[Stored data]
Segment Open
definition root_system :: "(real^'n) set \<Rightarrow> bool" where
  "root_system R \<longleftrightarrow> finite R \<and> 0 \<notin> R \<and>
     (\<forall>\<alpha>\<in>R. refl_root \<alpha> ` R = R) \<and>
     (\<forall>\<alpha>\<in>R. R \<inter> {t *\<^sub>R \<alpha> | t. True} = {\<alpha>, -\<alpha>})"

definition subsystem :: "(real^'n) set \<Rightarrow> (real^'n) set \<Rightarrow> bool" where
  "subsystem S R \<longleftrightarrow> S \<subseteq> R \<and> (\<forall>\<alpha>\<in>S. -\<alpha> \<in> S) \<and>
     (\<forall>\<alpha>\<in>S. \<forall>\<beta>\<in>S. \<alpha> + \<beta> \<in> R \<longrightarrow> \<alpha> + \<beta> \<in> S)"

definition orthogonal_subsystem :: "(real^'n) set \<Rightarrow> (real^'n) set \<Rightarrow> bool" where
  "orthogonal_subsystem S R \<longleftrightarrow> subsystem S R \<and>
     (\<forall>\<alpha>\<in>S. \<forall>\<beta>\<in>S. \<beta> \<noteq> \<alpha> \<and> \<beta> \<noteq> -\<alpha> \<longrightarrow> \<alpha> \<bullet> \<beta> = 0)"

definition positive_orthogonal_subsystem :: "(real^'n) set \<Rightarrow> (real^'n) set \<Rightarrow> bool" where
  "positive_orthogonal_subsystem R' R \<longleftrightarrow>
     (\<exists>R''. orthogonal_subsystem R'' R \<and> R' \<subseteq> R'' \<and>
            R'' = R' \<union> uminus ` R' \<and> R' \<inter> uminus ` R' = {})"

inductive_set poly_fun :: "(real^'n \<Rightarrow> complex) set" where
  const: "(\<lambda>x. c) \<in> poly_fun"
| coord: "(\<lambda>x. complex_of_real (x $ i)) \<in> poly_fun"
| add: "f \<in> poly_fun \<Longrightarrow> g \<in> poly_fun \<Longrightarrow> (\<lambda>x. f x + g x) \<in> poly_fun"
| mult: "f \<in> poly_fun \<Longrightarrow> g \<in> poly_fun \<Longrightarrow> (\<lambda>x. f x * g x) \<in> poly_fun"

definition dir_deriv :: "real^'n \<Rightarrow> (real^'n \<Rightarrow> complex) \<Rightarrow> real^'n \<Rightarrow> complex" where
  "dir_deriv \<xi> f x = vector_derivative (\<lambda>t. f (x + t *\<^sub>R \<xi>)) (at 0)"

text \<open>Difference quotient (f(x) - f(tau_alpha x)) / <x,alpha>, understood as the polynomial
  function which agrees with this quotient off the hyperplane <x,alpha> = 0.\<close>
definition diff_quot :: "real^'n \<Rightarrow> (real^'n \<Rightarrow> complex) \<Rightarrow> real^'n \<Rightarrow> complex" where
  "diff_quot \<alpha> f = (THE g. g \<in> poly_fun \<and>
      (\<forall>x. x \<bullet> \<alpha> \<noteq> 0 \<longrightarrow> g x = (f x - f (tau_root \<alpha> x)) / complex_of_real (x \<bullet> \<alpha>)))"

definition dunkl_T :: "(real^'n \<Rightarrow> complex) \<Rightarrow> (real^'n) set \<Rightarrow> real^'n
    \<Rightarrow> (real^'n \<Rightarrow> complex) \<Rightarrow> real^'n \<Rightarrow> complex" where
  "dunkl_T \<kappa> R' \<xi> f x = dir_deriv \<xi> f x +
     (\<Sum>\<alpha>\<in>R'. \<kappa> \<alpha> * complex_of_real (\<alpha> \<bullet> \<xi>) * diff_quot \<alpha> f x)"

end

theory Submission
  imports Defs
begin

text \<open>Write \<open>D\<^sub>\<alpha>\<close> for the difference quotient, so that
  \<open>f x - f (\<tau>\<^sub>\<alpha> x) = \<langle>x,\<alpha>\<rangle> D\<^sub>\<alpha> f x\<close>. Expanding \<open>T\<^sub>\<xi> T\<^sub>\<eta> f\<close> gives three kinds of terms:
  \<open>\<partial>\<^sub>\<xi>\<partial>\<^sub>\<eta> f\<close>, which is symmetric; the mixed terms
  \<open>\<langle>\<alpha>,\<eta>\<rangle> \<partial>\<^sub>\<xi> D\<^sub>\<alpha> f + \<langle>\<alpha>,\<xi>\<rangle> D\<^sub>\<alpha> \<partial>\<^sub>\<eta> f\<close>, which are symmetric because the commutator
  \<open>\<partial>\<^sub>v D\<^sub>\<alpha> - D\<^sub>\<alpha> \<partial>\<^sub>v\<close> depends on \<open>v\<close> only through the factor \<open>\<langle>v,\<alpha>\<rangle>\<close>
  (differentiate the defining identity of \<open>D\<^sub>\<alpha>\<close>, using that \<open>\<tau>\<^sub>\<alpha>\<close> is linear);
  and the terms \<open>\<langle>\<beta>,\<xi>\<rangle>\<langle>\<alpha>,\<eta>\<rangle> D\<^sub>\<beta> D\<^sub>\<alpha> f\<close>, which are symmetric because \<open>D\<^sub>\<alpha>\<close> and
  \<open>D\<^sub>\<beta>\<close> commute for orthogonal \<open>\<alpha>, \<beta>\<close> (then \<open>\<tau>\<^sub>\<alpha>\<close> and \<open>\<tau>\<^sub>\<beta>\<close> commute).
  Every identity between polynomials is first proved after multiplication by a
  linear form \<open>\<langle>x,\<alpha>\<rangle>\<close> and then cancelled by continuity.\<close>

lemma poly_fun_cmult: "f \<in> poly_fun \<Longrightarrow> (\<lambda>x. c * f x) \<in> poly_fun"
  by (intro poly_fun.mult poly_fun.const)

lemma poly_fun_diff: "f \<in> poly_fun \<Longrightarrow> g \<in> poly_fun \<Longrightarrow> (\<lambda>x. f x - g x) \<in> poly_fun"
  using poly_fun.add[OF _ poly_fun_cmult[of g "-1"], of f] by simp

lemma poly_fun_sum:
  "finite A \<Longrightarrow> (\<And>a. a \<in> A \<Longrightarrow> f a \<in> poly_fun) \<Longrightarrow> (\<lambda>x. \<Sum>a\<in>A. f a x) \<in> poly_fun"
proof (induction A rule: finite_induct)
  case empty
  then show ?case using poly_fun.const[of 0] by simp
next
  case (insert a A)
  then show ?case using poly_fun.add[of "f a" "\<lambda>x. \<Sum>a\<in>A. f a x"] by simp
qed

lemma poly_fun_inner: "(\<lambda>x. complex_of_real (x \<bullet> v)) \<in> poly_fun"
proof -
  have "(\<lambda>x. \<Sum>i\<in>UNIV. complex_of_real (v $ i) * complex_of_real (x $ i)) \<in> poly_fun"
    by (intro poly_fun_sum poly_fun_cmult poly_fun.coord) auto
  then show ?thesis by (simp add: inner_vec_def mult.commute)
qed

lemma poly_fun_compose_linear:
  assumes "linear L" and "f \<in> poly_fun"
  shows "(\<lambda>x. f (L x)) \<in> poly_fun"
  using assms(2)
proof (induction rule: poly_fun.induct)
  case (coord i)
  have "L x $ i = x \<bullet> (\<chi> j. matrix L $ i $ j)" for x
  proof -
    have "L x = matrix L *v x" using assms(1) by simp
    then show ?thesis by (simp add: matrix_vector_mult_def inner_vec_def mult.commute)
  qed
  then show ?case using poly_fun_inner by simp
qed (auto intro: poly_fun.intros)

lemma poly_fun_has_derivative_ex:
  "f \<in> poly_fun \<Longrightarrow> \<exists>F. (\<forall>x. (f has_derivative F x) (at x)) \<and> (\<forall>v. (\<lambda>x. F x v) \<in> poly_fun)"
proof (induction rule: poly_fun.induct)
  case (const c)
  show ?case by (rule exI[of _ "\<lambda>x h. 0"]) (auto intro: poly_fun.const)
next
  case (coord i)
  have "((\<lambda>x::real^'a. x $ i) has_derivative (\<lambda>x. x $ i)) (at x)" for x
    by (rule bounded_linear_imp_has_derivative) auto
  then show ?case
    by (intro exI[of _ "\<lambda>x h. complex_of_real (h $ i)"])
      (auto intro: poly_fun.const has_derivative_of_real)
next
  case (add f g)
  then obtain F G where "\<forall>x. (f has_derivative F x) (at x)" "\<forall>v. (\<lambda>x. F x v) \<in> poly_fun"
    and "\<forall>x. (g has_derivative G x) (at x)" "\<forall>v. (\<lambda>x. G x v) \<in> poly_fun" by blast
  then show ?case
    by (intro exI[of _ "\<lambda>x h. F x h + G x h"]) (auto intro!: has_derivative_add poly_fun.add)
next
  case (mult f g)
  then obtain F G where "\<forall>x. (f has_derivative F x) (at x)" "\<forall>v. (\<lambda>x. F x v) \<in> poly_fun"
    and "\<forall>x. (g has_derivative G x) (at x)" "\<forall>v. (\<lambda>x. G x v) \<in> poly_fun" by blast
  with mult.hyps show ?case
    by (intro exI[of _ "\<lambda>x h. f x * G x h + F x h * g x"])
      (auto intro!: has_derivative_mult poly_fun.add poly_fun.mult)
qed

lemma has_derivative_poly_fun:
  "f \<in> poly_fun \<Longrightarrow> (f has_derivative frechet_derivative f (at x)) (at x)"
  using poly_fun_has_derivative_ex by (metis differentiable_def frechet_derivative_works)

lemma poly_fun_frechet_derivative:
  assumes "f \<in> poly_fun"
  shows "(\<lambda>x. frechet_derivative f (at x) v) \<in> poly_fun"
proof -
  obtain F where F: "\<forall>x. (f has_derivative F x) (at x)" "\<forall>v. (\<lambda>x. F x v) \<in> poly_fun"
    using poly_fun_has_derivative_ex[OF assms] by blast
  have "frechet_derivative f (at x) = F x" for x
    using F(1) has_derivative_poly_fun[OF assms] has_derivative_unique by blast
  then show ?thesis using F(2) by simp
qed

lemma dir_deriv_eq_has_derivative:
  assumes g: "(g has_derivative G) (at x)"
  shows "dir_deriv v g x = G v"
proof -
  have "((\<lambda>t::real. x + t *\<^sub>R v) has_derivative (\<lambda>t. t *\<^sub>R v)) (at 0)"
    by (auto intro!: derivative_eq_intros)
  from diff_chain_at[OF this] g
  have "((\<lambda>t. g (x + t *\<^sub>R v)) has_derivative (\<lambda>t. G (t *\<^sub>R v))) (at 0)"
    by (simp add: o_def)
  then have "((\<lambda>t. g (x + t *\<^sub>R v)) has_vector_derivative G v) (at 0)"
    using linear_scale[OF has_derivative_linear[OF g]] by (simp add: has_vector_derivative_def)
  then show ?thesis unfolding dir_deriv_def by (rule vector_derivative_at)
qed

lemma dir_deriv_poly_fun: "f \<in> poly_fun \<Longrightarrow> dir_deriv v f = (\<lambda>x. frechet_derivative f (at x) v)"
  using dir_deriv_eq_has_derivative has_derivative_poly_fun by blast

lemma poly_fun_dir_deriv: "f \<in> poly_fun \<Longrightarrow> dir_deriv v f \<in> poly_fun"
  by (simp add: dir_deriv_poly_fun poly_fun_frechet_derivative)

lemma dir_deriv_linear_combination:
  assumes "u \<in> poly_fun" and "finite A" and "\<And>a. a \<in> A \<Longrightarrow> w a \<in> poly_fun"
  shows "dir_deriv v (\<lambda>x. u x + (\<Sum>a\<in>A. c a * w a x)) =
    (\<lambda>x. dir_deriv v u x + (\<Sum>a\<in>A. c a * dir_deriv v (w a) x))"
proof
  fix x
  have "((\<lambda>x. u x + (\<Sum>a\<in>A. c a * w a x)) has_derivative
      (\<lambda>h. frechet_derivative u (at x) h + (\<Sum>a\<in>A. c a * frechet_derivative (w a) (at x) h))) (at x)"
    using assms by (intro has_derivative_add has_derivative_sum has_derivative_mult_right
        has_derivative_poly_fun)
  then show "dir_deriv v (\<lambda>x. u x + (\<Sum>a\<in>A. c a * w a x)) x =
      dir_deriv v u x + (\<Sum>a\<in>A. c a * dir_deriv v (w a) x)"
    using assms by (simp add: dir_deriv_eq_has_derivative dir_deriv_poly_fun)
qed

lemma dir_deriv_add:
  "f \<in> poly_fun \<Longrightarrow> g \<in> poly_fun \<Longrightarrow>
    dir_deriv v (\<lambda>x. f x + g x) = (\<lambda>x. dir_deriv v f x + dir_deriv v g x)"
  by (rule ext, subst dir_deriv_eq_has_derivative[OF has_derivative_add[OF
        has_derivative_poly_fun has_derivative_poly_fun]]) (auto simp: dir_deriv_poly_fun)

lemma dir_deriv_mult:
  "f \<in> poly_fun \<Longrightarrow> g \<in> poly_fun \<Longrightarrow>
    dir_deriv v (\<lambda>x. f x * g x) = (\<lambda>x. dir_deriv v f x * g x + f x * dir_deriv v g x)"
  by (rule ext, subst dir_deriv_eq_has_derivative[OF has_derivative_mult[OF
        has_derivative_poly_fun has_derivative_poly_fun]]) (auto simp: dir_deriv_poly_fun)

lemma dir_deriv_const: "dir_deriv v (\<lambda>x. c) = (\<lambda>x. 0)"
  by (rule ext, subst dir_deriv_eq_has_derivative[OF has_derivative_const]) auto

lemma dir_deriv_coord: "dir_deriv v (\<lambda>x::real^'n. complex_of_real (x $ i)) = (\<lambda>x. complex_of_real (v $ i))"
proof
  fix x :: "real^'n"
  have "((\<lambda>x::real^'n. x $ i) has_derivative (\<lambda>x. x $ i)) (at x)"
    by (rule bounded_linear_imp_has_derivative) auto
  then show "dir_deriv v (\<lambda>x. complex_of_real (x $ i)) x = complex_of_real (v $ i)"
    by (subst dir_deriv_eq_has_derivative[OF has_derivative_of_real]) auto
qed

lemma dir_deriv_commute: "f \<in> poly_fun \<Longrightarrow> dir_deriv v (dir_deriv w f) = dir_deriv w (dir_deriv v f)"
proof (induction arbitrary: v w rule: poly_fun.induct)
  case (mult f g)
  then show ?case
    by (simp add: dir_deriv_add dir_deriv_mult poly_fun_dir_deriv poly_fun.mult algebra_simps)
qed (simp_all add: dir_deriv_const dir_deriv_coord dir_deriv_add poly_fun_dir_deriv)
Segment Closed
» Exercise goal
The lines above, starting at the one with "(auto intro: poly_fun.const has_derivative_of_real)" and ending at the one with "by (simp add: o_def)", are the only ones to return, exactly as written.

» Task output
      (auto intro: poly_fun.const has_derivative_of_real)
next
  case (add f g)
  then obtain F G where "\<forall>x. (f has_derivative F x) (at x)" "\<forall>v. (\<lambda>x. F x v) \<in> poly_fun"
    and "\<forall>x. (g has_derivative G x) (at x)" "\<forall>v. (\<lambda>x. G x v) \<in> poly_fun" by blast
  then show ?case
    by (intro exI[of _ "\<lambda>x h. F x h + G x h"]) (auto intro!: has_derivative_add poly_fun.add)
next
  case (mult f g)
  then obtain F G where "\<forall>x. (f has_derivative F x) (at x)" "\<forall>v. (\<lambda>x. F x v) \<in> poly_fun"
    and "\<forall>x. (g has_derivative G x) (at x)" "\<forall>v. (\<lambda>x. G x v) \<in> poly_fun" by blast
  with mult.hyps show ?case
    by (intro exI[of _ "\<lambda>x h. f x * G x h + F x h * g x"])
      (auto intro!: has_derivative_mult poly_fun.add poly_fun.mult)
qed

lemma has_derivative_poly_fun:
  "f \<in> poly_fun \<Longrightarrow> (f has_derivative frechet_derivative f (at x)) (at x)"
  using poly_fun_has_derivative_ex by (metis differentiable_def frechet_derivative_works)

lemma poly_fun_frechet_derivative:
  assumes "f \<in> poly_fun"
  shows "(\<lambda>x. frechet_derivative f (at x) v) \<in> poly_fun"
proof -
  obtain F where F: "\<forall>x. (f has_derivative F x) (at x)" "\<forall>v. (\<lambda>x. F x v) \<in> poly_fun"
    using poly_fun_has_derivative_ex[OF assms] by blast
  have "frechet_derivative f (at x) = F x" for x
    using F(1) has_derivative_poly_fun[OF assms] has_derivative_unique by blast
  then show ?thesis using F(2) by simp
qed

lemma dir_deriv_eq_has_derivative:
  assumes g: "(g has_derivative G) (at x)"
  shows "dir_deriv v g x = G v"
proof -
  have "((\<lambda>t::real. x + t *\<^sub>R v) has_derivative (\<lambda>t. t *\<^sub>R v)) (at 0)"
    by (auto intro!: derivative_eq_intros)
  from diff_chain_at[OF this] g
  have "((\<lambda>t. g (x + t *\<^sub>R v)) has_derivative (\<lambda>t. G (t *\<^sub>R v))) (at 0)"
    by (simp add: o_def)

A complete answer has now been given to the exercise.